Abstract

Hepatitis C virus (HCV), the most common chronic viral infection in North America, affects an estimated 2.7 million individuals in the US (1). Hepatitis C is more common in certain populations, including injection drug users, prison inmates, the homeless, dialysis patients, and those seeking care in Veterans Affairs medical centers (2)(3)(4)(5). Hepatitis C is the leading cause for end-stage liver complications, including hepatocellular carcinoma and need for liver transplantation; the frequency of these is expected to increase two- to threefold by 2030 (6). Antibodies to HCV (anti-HCV) can indicate one of three possible conditions: current active infection with HCV, past infection with HCV, or a false-positive reaction (7). Although tests are usually interpreted as positive or negative, samples with low-positive anti-HCV results are usually falsely positive, whereas >90% of samples that are high-positive are from patients who test positive for HCV RNA (8)(9). Recently, the CDC revised guidelines for laboratories, recommending confirmatory testing for samples with low signal-to-cutoff (S/C) ratios (10). When enzyme immunoassays (EIAs) are used, they suggested a S/C ratio <3.8 to identify low-positive samples; when chemiluminescence assays (CAs) are used, a S/C ratio <8.0 was recommended (10).
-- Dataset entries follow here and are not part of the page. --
(* In the setting below with $P=\mathfrak A$ and the normalized error criterion, suppose $\{S_d\}$ is polynomially tractable with constants $C,p>0$, $q\ge0$. Then $\lambda\in\ell_\tau$ for all $\tau>p/2$; $\epsilon_d^{\rm init}$ tends to zero faster than the inverse of any polynomial as $d\to\infty$ (i.e. $\lambda_{d,\psi(1)}\mathcal P(d)\to0$ for every polynomial $\mathcal P$ positive on $\mathbb N$); $b_d\in O(\ln d)$; and hence $\lim_{d\to\infty}a_d/d=1$. If moreover $\{S_d\}$ is strongly polynomially tractable, then $b_d\in O(1)$.
   Context: Setting: $S_1:H_1\to G_1$ is a compact linear operator between real Hilbert spaces ($H_1$ infinite-dimensional separable); $\lambda=(\lambda_m)_{m\in\mathbb N}$, $\lambda_1\ge\lambda_2\ge\dots\ge0$, are the eigenvalues of $S_1^\dagger S_1$. $S_d=S_1^{\otimes d}:H_1^{\otimes d}\to G_1^{\otimes d}$. For each $d$ fix $\emptyset\ne I_d=\{i_1<\dots<i_{a_d}\}\subset\{1,\dots,d\}$ ($I_1=\{1\}$), put $a_d=\#I_d$, $b_d=d-a_d$, and fix one type $P\in\{\mathfrak S,\mathfrak A\}$ for all $d$; the problem $\{S_d\}$ is the family of restrictions of $S_d$ to the $I_d$-symmetric subspace (if $P=\mathfrak S$) or $I_d$-antisymmetric subspace (if $P=\mathfrak A$) of $H_1^{\otimes d}$, i.e. the range of $\frac1{a_d!}\sum_{\pi}(\pm1)U_\pi$, the sum over permutations $\pi$ of $\{1,\dots,d\}$ fixing all points outside $I_d$, $U_\pi(f_1\otimes\cdots\otimes f_d)=f_{\pi(1)}\otimes\cdots\otimes f_{\pi(d)}$, sign $(-1)^{|\pi|}$ used for $\mathfrak A$. Let $\nabla_d=\{k\in\mathbb N^d:k_{i_1}\le\dots\le k_{i_{a_d}}\}$ for $P=\mathfrak S$ and with strict inequalities for $P=\mathfrak A$; $\lambda_{d,k}=\prod_{l=1}^d\lambda_{k_l}$; $\psi:\mathbb N\to\nabla_d$ a bijection with $\lambda_{d,\psi(1)}\ge\lambda_{d,\psi(2)}\ge\cdots$. These are exactly the eigenvalues of $S_d^\dagger S_d$ on the subspace, and the information complexity is $n(\epsilon,d)=\#\{k\in\nabla_d:\lambda_{d,k}>\epsilon^2\}$, the initial error $\epsilon^{\rm init}_d=\sqrt{\lambda_{d,\psi(1)}}$ (equal to $\lambda_1^{d/2}$ if $P=\mathfrak S$, and $\sqrt{\lambda_1^{b_d}\lambda_1\lambda_2\cdots\lambda_{a_d}}$ if $P=\mathfrak A$). Normalized error criterion: polynomially tractable means $\exists C,p>0,q\ge0$ with $n(\epsilon'\epsilon_d^{\rm init},d)\le C(\epsilon')^{-p}d^q$ for all $d\in\mathbb N,\epsilon'\in(0,1]$; strongly polynomially tractable: this with $q=0$. Standing assumptions: $\lambda_2>0$ and $\epsilon_d^{\rm init}>0$ for all $d$. $\ell_\tau$: sequences with $\sum_m\lambda_m^\tau<\infty$. *)

theory Defs
  imports "HOL-Analysis.Analysis" "HOL-Library.Landau_Symbols"
    "HOL-Computational_Algebra.Polynomial"
begin

text \<open>Eigenvalue sequence lam is indexed from 1 (lam 0 is irrelevant).
  I d is the index set I_d inside {1..d}.\<close>

definition a_num :: "(nat \<Rightarrow> nat set) \<Rightarrow> nat \<Rightarrow> nat" where
  "a_num I d = card (I d)"

definition b_num :: "(nat \<Rightarrow> nat set) \<Rightarrow> nat \<Rightarrow> nat" where
  "b_num I d = d - card (I d)"

definition nablaA :: "(nat \<Rightarrow> nat set) \<Rightarrow> nat \<Rightarrow> (nat \<Rightarrow> nat) set" where
  "nablaA I d = {k \<in> {1..d} \<rightarrow>\<^sub>E {1..}.
      \<forall>i\<in>I d. \<forall>j\<in>I d. i < j \<longrightarrow> k i < k j}"

definition lam_dk :: "(nat \<Rightarrow> real) \<Rightarrow> nat \<Rightarrow> (nat \<Rightarrow> nat) \<Rightarrow> real" where
  "lam_dk lam d k = (\<Prod>l\<in>{1..d}. lam (k l))"

text \<open>Largest eigenvalue lambda_{d,psi(1)}; the initial error is its square root.\<close>
definition lam_init :: "(nat \<Rightarrow> real) \<Rightarrow> (nat \<Rightarrow> nat set) \<Rightarrow> nat \<Rightarrow> real" where
  "lam_init lam I d = Sup (lam_dk lam d ` nablaA I d)"

definition eps_init :: "(nat \<Rightarrow> real) \<Rightarrow> (nat \<Rightarrow> nat set) \<Rightarrow> nat \<Rightarrow> real" where
  "eps_init lam I d = sqrt (lam_init lam I d)"

text \<open>The set counted by the information complexity n(eps,d).\<close>
definition info_set :: "(nat \<Rightarrow> real) \<Rightarrow> (nat \<Rightarrow> nat set) \<Rightarrow> real \<Rightarrow> nat \<Rightarrow> (nat \<Rightarrow> nat) set" where
  "info_set lam I eps d = {k \<in> nablaA I d. lam_dk lam d k > eps\<^sup>2}"

text \<open>n(eps' * eps_init_d, d) \<le> C eps'^(-p) d^q, with n finite (an infinite
  complexity violates any such bound).\<close>
definition normalized_bound :: "(nat \<Rightarrow> real) \<Rightarrow> (nat \<Rightarrow> nat set) \<Rightarrow> real \<Rightarrow> real \<Rightarrow> real \<Rightarrow> bool" where
  "normalized_bound lam I C p q \<longleftrightarrow>
     (\<forall>d\<ge>1. \<forall>e. 0 < e \<and> e \<le> 1 \<longrightarrow>
        finite (info_set lam I (e * eps_init lam I d) d) \<and>
        real (card (info_set lam I (e * eps_init lam I d) d)) \<le> C * e powr (-p) * real d powr q)"

definition strongly_poly_tractable_A :: "(nat \<Rightarrow> real) \<Rightarrow> (nat \<Rightarrow> nat set) \<Rightarrow> bool" where
  "strongly_poly_tractable_A lam I \<longleftrightarrow> (\<exists>C p. C > 0 \<and> p > 0 \<and> normalized_bound lam I C p 0)"

end

theory Submission
  imports Defs "HOL-Real_Asymp.Real_Asymp"
begin

(*
  Write a_d, b_d for the sizes of I_d and of its complement in {1..d}.
  (1) Largest eigenvalue: every admissible multi-index k satisfies
      lambda_{d,k} <= lambda_1^{b_d} lambda_1 ... lambda_{a_d}, since the coordinates in I_d
      are pairwise distinct (a rearrangement argument); the multi-index numbering I_d by
      1, ..., a_d and putting 1 elsewhere attains the bound, so it equals lam_init d.
  (2) Counting: raising j of the b_d free coordinates from 1 to 2 yields (b_d choose j)
      multi-indices of eigenvalue (lambda_2/lambda_1)^j lam_init d.  Tractability thus
      bounds (b_d choose j) by C' c^j d^q, and an elementary growth estimate for
      binomial coefficients gives b_d <= K (1 + q ln d).
  (3) Dimension one: lambda_1, ..., lambda_m all exceed lambda_m / 2, so m lambda_m^{p/2}
      is bounded, which places lambda in l_tau for every tau > p/2.
  (4) Decay: lambda_i -> 0 gives lambda_1 ... lambda_n <= Y 2^{-n}; with (1) and (2) this
      yields lam_init d <= Y' d^A 2^{-d}, which beats every polynomial.
  The statements about a_d / d and about b_d follow from the bound in (2) alone.
*)

text \<open>The normalized tolerance e = sqrt x enters tractability bounds as e^(-p).\<close>
lemma sqrt_powr_neg:
  fixes x p :: real
  assumes "x > 0"
  shows "sqrt x powr (-p) = (1 / x) powr (p / 2)"
proof -
  have "sqrt x powr (-p) = (x powr (1/2)) powr (-p)"
    using assms by (simp add: powr_half_sqrt)
  also have "\<dots> = inverse (x powr (p / 2))"
    by (simp add: powr_powr powr_minus)
  also have "\<dots> = (1 / x) powr (p / 2)"
    by (metis inverse_eq_divide inverse_powr)
  finally show ?thesis .
qed

text \<open>If all binomial coefficients (b choose j) are bounded by A c^j, then b grows at most
  logarithmically in A: choose j about b / (3c) and use (b/j)^j <= (b choose j).\<close>
lemma binomial_log_bound:
  fixes b :: nat and A c :: real
  assumes c: "c \<ge> 1" and binom: "\<And>j. j \<le> b \<Longrightarrow> real (b choose j) \<le> A * c ^ j"
  shows "real b \<le> (3 * c + 1) * (ln A + 1)"
proof -
  have "1 \<le> A" using binom[of 0] by simp
  then have lnA: "ln A \<ge> 0" by simp
  define m where "m = nat \<lceil>3 * c\<rceil>"
  have m_lower: "3 * c \<le> real m" and m_upper: "real m \<le> 3 * c + 1"
    unfolding m_def using c by linarith+
  have m_pos: "m > 0" using m_lower c by linarith
  have "real b \<le> real m * (ln A + 1)"
  proof (cases "b < m")
    case True
    then have "real b \<le> real m * 1" by simp
    also have "\<dots> \<le> real m * (ln A + 1)" using lnA by (intro mult_left_mono) auto
    finally show ?thesis .
  next
    case False
    define j where "j = b div m"
    have j_pos: "j \<ge> 1" unfolding j_def using False m_pos div_greater_zero_iff[of b m] by linarith
    have j_le_b: "j \<le> b" unfolding j_def by simp
    have "j * m \<le> b" unfolding j_def by simp
    then have jm_le_b: "real j * real m \<le> real b" by (simp flip: of_nat_mult)
    have "b = j * m + b mod m" unfolding j_def by simp
    moreover have "b mod m < m" using m_pos by simp
    ultimately have "b < m * (j + 1)" by (simp add: algebra_simps)
    then have "real b < real (m * (j + 1))" by (simp only: of_nat_less_iff)
    then have b_less: "real b < real m * (real j + 1)" by (simp add: algebra_simps)
    have "3 * c * real j \<le> real m * real j" using m_lower by (intro mult_right_mono) auto
    also have "\<dots> \<le> real b" using jm_le_b by (simp add: mult.commute)
    finally have "3 * c \<le> real b / real j" using j_pos by (simp add: pos_le_divide_eq)
    then have "(3 * c) ^ j \<le> (real b / real j) ^ j" using c by (intro power_mono) auto
    also have "\<dots> \<le> real (b choose j)" by (rule binomial_ge_n_over_k_pow_k[OF j_le_b])
    also have "\<dots> \<le> A * c ^ j" by (rule binom[OF j_le_b])
    finally have "3 ^ j * c ^ j \<le> A * c ^ j" by (simp add: power_mult_distrib)
    then have "3 ^ j \<le> A" using c by simp
    then have "ln (3 ^ j) \<le> ln A" by (intro ln_mono) auto
    then have "real j * ln 3 \<le> ln A" by (simp add: ln_realpow)
    moreover have "real j \<le> real j * ln 3"
      using mult_left_mono[of 1 "ln 3" "real j"] ln3_gt_1 by simp
    ultimately have "real j + 1 \<le> ln A + 1" by linarith
    then show ?thesis using b_less m_pos by (smt (verit) mult_left_mono of_nat_0_le_iff)
  qed
  also have "\<dots> \<le> (3 * c + 1) * (ln A + 1)" using m_upper lnA by (intro mult_right_mono) auto
  finally show ?thesis .
qed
No data exist on the reproducibility of S/C ratios between lots. Because calibration of both EIA and CA methods involves a single point (the cutoff value), S/C ratios may vary significantly between lots. I retrospectively reviewed data for S/C ratios and confirmatory test results by lot of reagent for both EIAs and CAs. The Pathology and Laboratory Medicine Service maintains a blinded database of all patients with positive anti-HCV results; details of the screening program and the assays used have been reported previously (8)(9). A total of 13 714 individuals were tested over a 13-month period by a …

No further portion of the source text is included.